The task => The span to repeat in the listing below runs from the line containing "H^2/PSL(2,Z) underlying the" to the line containing "definition torusB :: mat2", inclusive. Repeat it exactly, and only it.
--------------------
(* For $n\ge 1$ let $\gamma_n$ be the unique closed geodesic on the modular surface $\Sigma_{\mathrm{Mod}}$ lifting to the geodesic $1/n$ on the once-punctured torus $\Sigma_{1,1}$ (under the 6-fold cover $\Sigma_{1,1}\to\Sigma_{\mathrm{Mod}}$). For $\Gamma_n:=\{\gamma_i\}_{i=1}^n$, the total length satisfies $\ell(\Gamma_n)\asymp n^2$.
   Context: $\Sigma_{\mathrm{Mod}}=\mathbb{H}^2/\mathrm{PSL}(2,\mathbb{Z})$ with its hyperbolic metric; $\Sigma_{1,1}$ is the once-punctured torus with the pulled-back metric, and $1/n$ denotes the closed geodesic in the free homotopy class of the simple closed curve of slope $1/n$. $\ell(\Gamma_n)=\sum_{i=1}^n\ell(\gamma_i)$. $f(n)\asymp g(n)$ means there are constants $A>0,B,C>0,D$ with $Ag(n)+B\le f(n)\le Cg(n)+D$ for all $n$. *)

theory Defs
  imports "HOL-Analysis.Analysis"
begin

text \<open>Integer 2x2 matrices (a,b,c,d) = [[a,b],[c,d]].\<close>
type_synonym mat2 = "int \<times> int \<times> int \<times> int"

fun mmul :: "mat2 \<Rightarrow> mat2 \<Rightarrow> mat2" where
  "mmul (a,b,c,d) (e,f,g,h) = (a*e + b*g, a*f + b*h, c*e + d*g, c*f + d*h)"

fun mneg :: "mat2 \<Rightarrow> mat2" where
  "mneg (a,b,c,d) = (-a,-b,-c,-d)"

fun mdet :: "mat2 \<Rightarrow> int" where
  "mdet (a,b,c,d) = a*d - b*c"

primrec mpow :: "mat2 \<Rightarrow> nat \<Rightarrow> mat2" where
  "mpow M 0 = (1,0,0,1)"
| "mpow M (Suc k) = mmul M (mpow M k)"

definition SL2Z :: "mat2 set" where
  "SL2Z = {M. mdet M = 1}"

definition upper_half :: "complex set" where
  "upper_half = {z. Im z > 0}"

definition hdist :: "complex \<Rightarrow> complex \<Rightarrow> real" where
  "hdist z w = arcosh (1 + (cmod (z - w))\<^sup>2 / (2 * Im z * Im w))"

fun moebius :: "mat2 \<Rightarrow> complex \<Rightarrow> complex" where
  "moebius (a,b,c,d) z = (of_int a * z + of_int b) / (of_int c * z + of_int d)"

text \<open>Translation length of a deck transformation: the length of the closed
  geodesic in its free homotopy class.\<close>
definition transl_len :: "mat2 \<Rightarrow> real" where
  "transl_len M = (INF z\<in>upper_half. hdist z (moebius M z))"

text \<open>Length of the primitive closed geodesic on the modular surface
  H^2/PSL(2,Z) underlying the (possibly multiply traversed) closed geodesic
  of the deck element M in PSL(2,Z): minimal translation length of a root of
  +-M in SL(2,Z).\<close>
definition modular_geod_len :: "mat2 \<Rightarrow> real" where
  "modular_geod_len M = Inf {transl_len R | R k. R \<in> SL2Z \<and> k \<ge> 1 \<and>
                                  (mpow R k = M \<or> mpow R k = mneg M)}"

text \<open>The once-punctured (modular) torus is H^2/G', G' the commutator subgroup
  of PSL(2,Z), freely generated by the images of torusA and torusB, which
  represent the curves of slope 1/0 and 0/1.\<close>
definition torusA :: mat2 where "torusA = (2,1,1,1)"
definition torusB :: mat2 where "torusB = (1,1,1,2)"

text \<open>Deck element of the simple closed curve of slope 1/n.\<close>
definition slope_elt :: "nat \<Rightarrow> mat2" where
  "slope_elt n = mmul torusA (mpow torusB n)"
--------------------
Output for this task =>
  H^2/PSL(2,Z) underlying the (possibly multiply traversed) closed geodesic
  of the deck element M in PSL(2,Z): minimal translation length of a root of
  +-M in SL(2,Z).\<close>
definition modular_geod_len :: "mat2 \<Rightarrow> real" where
  "modular_geod_len M = Inf {transl_len R | R k. R \<in> SL2Z \<and> k \<ge> 1 \<and>
                                  (mpow R k = M \<or> mpow R k = mneg M)}"

text \<open>The once-punctured (modular) torus is H^2/G', G' the commutator subgroup
  of PSL(2,Z), freely generated by the images of torusA and torusB, which
  represent the curves of slope 1/0 and 0/1.\<close>
definition torusA :: mat2 where "torusA = (2,1,1,1)"
definition torusB :: mat2 where "torusB = (1,1,1,2)"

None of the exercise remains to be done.